• [EXERCISE MATERIAL]:
text \<open>Any \<open>N + 2\<close> positive eigenvalues force the sum above \<open>1\<close> at \<open>\<kappa> = min \<eta>\<^sub>i\<close>.\<close>

lemma resolvent_sum_ge_one: "\<exists>k>0. resolvent_sum N k \<ge> 1"
proof -
  obtain S where S: "finite S" "card S = N + 2" "S \<subseteq> {i. \<eta> i > 0}"
    using infinite_arbitrarily_large[OF eta_infinite_support] by blast
  define k where "k = Min (\<eta> ` S)"
  have "S \<noteq> {}" using S by auto
  then have k: "k > 0" "\<And>i. i \<in> S \<Longrightarrow> k \<le> \<eta> i"
    using S unfolding k_def by (auto simp: Min_gr_iff)
  have term_ge: "1 / (real N + 1) \<le> \<eta> i / (k + real N * \<eta> i)" if "i \<in> S" for i
  proof -
    have "k + real N * \<eta> i \<le> (real N + 1) * \<eta> i"
      using k(2)[OF that] by (simp add: algebra_simps)
    then show ?thesis
      using denominator_pos[OF k(1), of N i] by (simp add: field_simps)
  qed
  have "1 < (real N + 2) / (real N + 1)" by simp
  also have "\<dots> = (\<Sum>i\<in>S. 1 / (real N + 1))" using S by simp
  also have "\<dots> \<le> (\<Sum>i\<in>S. \<eta> i / (k + real N * \<eta> i))" by (rule sum_mono[OF term_ge])
  also have "\<dots> \<le> resolvent_sum N k"
    unfolding resolvent_sum_def using k(1) eta_nonneg denominator_pos
    by (intro sum_le_suminf summable_resolvent_terms S) (auto intro: divide_nonneg_pos)
  finally show ?thesis using k(1) by auto
qed

lemma ex1_kappa: "\<exists>!k. k > 0 \<and> resolvent_sum N k = 1"
proof (rule ex_ex1I)
  obtain k\<^sub>0 where k\<^sub>0: "k\<^sub>0 > 0" "resolvent_sum N k\<^sub>0 \<ge> 1"
    using resolvent_sum_ge_one by blast
  define k\<^sub>1 where "k\<^sub>1 = k\<^sub>0 + suminf \<eta> + 1"
  have "suminf \<eta> \<ge> 0" using suminf_nonneg[OF eta_summable eta_nonneg] .
  then have k\<^sub>1: "k\<^sub>0 \<le> k\<^sub>1" "suminf \<eta> < k\<^sub>1" using k\<^sub>0(1) by (auto simp: k\<^sub>1_def)
  have "resolvent_sum N k\<^sub>1 \<le> suminf \<eta> / k\<^sub>1"
    using k\<^sub>0(1) k\<^sub>1 by (intro resolvent_sum_le) auto
  also have "\<dots> < 1" using k\<^sub>1 k\<^sub>0(1) by simp
  finally have "resolvent_sum N k\<^sub>1 \<le> 1" by simp
  moreover have "continuous_on {k\<^sub>0..k\<^sub>1} (resolvent_sum N)"
    using continuous_on_resolvent_sum[OF k\<^sub>0(1)] by (rule continuous_on_subset) auto
  ultimately obtain k where "k\<^sub>0 \<le> k" "resolvent_sum N k = 1"
    using IVT2'[of "resolvent_sum N" k\<^sub>1 1 k\<^sub>0] k\<^sub>0 k\<^sub>1 by blast
  then show "\<exists>k. k > 0 \<and> resolvent_sum N k = 1" using k\<^sub>0(1) by (intro exI[of _ k]) auto
next
  fix a b assume "a > 0 \<and> resolvent_sum N a = 1" "b > 0 \<and> resolvent_sum N b = 1"
  then show "a = b"
    using resolvent_sum_strict_antimono[of a b N] resolvent_sum_strict_antimono[of b a N]
    by (cases a b rule: linorder_cases) auto
qed

lemma kappa_pos: "kappa \<eta> N > 0"
  and resolvent_sum_kappa: "resolvent_sum N (kappa \<eta> N) = 1"
  using theI'[OF ex1_kappa[of N]] by (auto simp: kappa_def resolvent_sum_def)

lemma kappa_le_suminf: "kappa \<eta> N \<le> suminf \<eta>"
  using resolvent_sum_le[OF kappa_pos[of N], of N] kappa_pos[of N]
  by (simp add: resolvent_sum_kappa field_simps)

lemma resolvent_sum_tendsto_zero:
  assumes "k > 0"
  shows "(\<lambda>N. resolvent_sum N k) \<longlonglongrightarrow> 0"
proof -
  have "(\<lambda>N. \<Sum>i. \<eta> i / (k + real N * \<eta> i)) \<longlonglongrightarrow> (\<Sum>i. 0)"
  proof (rule tendsto_suminf_dominated[where M="\<lambda>i. \<eta> i / k"])
    fix i
    show "(\<lambda>N. \<eta> i / (k + real N * \<eta> i)) \<longlonglongrightarrow> 0"
    proof (cases "\<eta> i = 0")
      case False
      with eta_nonneg[of i] assms show ?thesis by real_asymp
    qed simp
    show "\<bar>\<eta> i / (k + real N * \<eta> i)\<bar> \<le> \<eta> i / k" for N
      using resolvent_term_le[OF assms, of i N] denominator_pos[OF assms, of N i] eta_nonneg[of i]
      by simp
  qed (rule summable_eta_div)
  then show ?thesis by (simp add: resolvent_sum_def)
qed

lemma kappa_tendsto_zero: "(\<lambda>N. kappa \<eta> N) \<longlonglongrightarrow> 0"
proof (rule order_tendstoI)
  fix a :: real assume "a < 0"
  then show "\<forall>\<^sub>F N in sequentially. a < kappa \<eta> N"
    using kappa_pos by (simp add: less_trans)
next
  fix \<epsilon> :: real assume "\<epsilon> > 0"
  then have "\<forall>\<^sub>F N in sequentially. resolvent_sum N \<epsilon> < 1"
    using resolvent_sum_tendsto_zero by (intro order_tendstoD) auto
  then show "\<forall>\<^sub>F N in sequentially. kappa \<eta> N < \<epsilon>"
  proof eventually_elim
    case (elim N)
    then show ?case
      using resolvent_sum_strict_antimono[OF \<open>\<epsilon> > 0\<close>, of "kappa \<eta> N" N] resolvent_sum_kappa[of N]
      by (cases "kappa \<eta> N" \<epsilon> rule: linorder_cases) auto
  qed
qed

text \<open>Since \<open>\<eta>\<^sub>i/(\<kappa> + N\<eta>\<^sub>i) = \<kappa>\<eta>\<^sub>i/(\<kappa> + N\<eta>\<^sub>i)\<^sup>2 + N\<eta>\<^sub>i\<^sup>2/(\<kappa> + N\<eta>\<^sub>i)\<^sup>2\<close>, the
  self-consistency equation rewrites \<open>1 - \<gamma>\<close> as a sum of positive terms.\<close>

lemma one_minus_gamma_eq:
  fixes N :: nat
  defines "k \<equiv> kappa \<eta> N"
  shows "summable (\<lambda>i. k * \<eta> i / (k + real N * \<eta> i)\<^sup>2)"
    and "1 - gamma \<eta> N = (\<Sum>i. k * \<eta> i / (k + real N * \<eta> i)\<^sup>2)"
proof -
  have k: "k > 0" using kappa_pos by (simp add: k_def)
  note d = denominator_pos[OF k]
  show sa: "summable (\<lambda>i. k * \<eta> i / (k + real N * \<eta> i)\<^sup>2)"
  proof (rule summable_comparison_test'[where g="\<lambda>i. \<eta> i / k" and N=0])
    fix i
    have "k\<^sup>2 \<le> (k + real N * \<eta> i)\<^sup>2" using k eta_nonneg[of i] by (intro power_mono) auto
    then have "k * \<eta> i / (k + real N * \<eta> i)\<^sup>2 \<le> k * \<eta> i / k\<^sup>2"
      using k eta_nonneg[of i] d[of N i] by (intro divide_left_mono) auto
    then show "norm (k * \<eta> i / (k + real N * \<eta> i)\<^sup>2) \<le> \<eta> i / k"
      using k eta_nonneg[of i] by (simp add: power2_eq_square)
  qed (rule summable_eta_div)
  have split: "\<eta> i / (k + real N * \<eta> i)
      = k * \<eta> i / (k + real N * \<eta> i)\<^sup>2 + real N * (\<eta> i)\<^sup>2 / (k + real N * \<eta> i)\<^sup>2" for i
  proof -
    have "k * \<eta> i / (k + real N * \<eta> i)\<^sup>2 + real N * (\<eta> i)\<^sup>2 / (k + real N * \<eta> i)\<^sup>2
        = \<eta> i * (k + real N * \<eta> i) / ((k + real N * \<eta> i) * (k + real N * \<eta> i))"
      by (simp add: power2_eq_square add_divide_distrib[symmetric] algebra_simps)
    then show ?thesis using d[of N i] by simp
  qed
  have sb: "summable (\<lambda>i. real N * (\<eta> i)\<^sup>2 / (k + real N * \<eta> i)\<^sup>2)"
    using summable_diff[OF summable_resolvent_terms[OF k, of N] sa] by (subst (asm) split) simp
  have "(\<Sum>i. k * \<eta> i / (k + real N * \<eta> i)\<^sup>2 + real N * (\<eta> i)\<^sup>2 / (k + real N * \<eta> i)\<^sup>2) = 1"
    unfolding split[symmetric] using resolvent_sum_kappa[of N] by (simp add: resolvent_sum_def k_def)
  then have "1 = (\<Sum>i. k * \<eta> i / (k + real N * \<eta> i)\<^sup>2) + gamma \<eta> N"
    using suminf_add[OF sa sb] by (simp add: gamma_def k_def[symmetric])
  then show "1 - gamma \<eta> N = (\<Sum>i. k * \<eta> i / (k + real N * \<eta> i)\<^sup>2)" by simp
qed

• [THE TASK]:
Looking at the records above, which lines contain "dots"? Copy those lines.

• [SOLUTION BELOW]:
  also have "\<dots> = (\<Sum>i\<in>S. 1 / (real N + 1))" using S by simp
  also have "\<dots> \<le> (\<Sum>i\<in>S. \<eta> i / (k + real N * \<eta> i))" by (rule sum_mono[OF term_ge])
  also have "\<dots> \<le> resolvent_sum N k"
  also have "\<dots> < 1" using k\<^sub>1 k\<^sub>0(1) by simp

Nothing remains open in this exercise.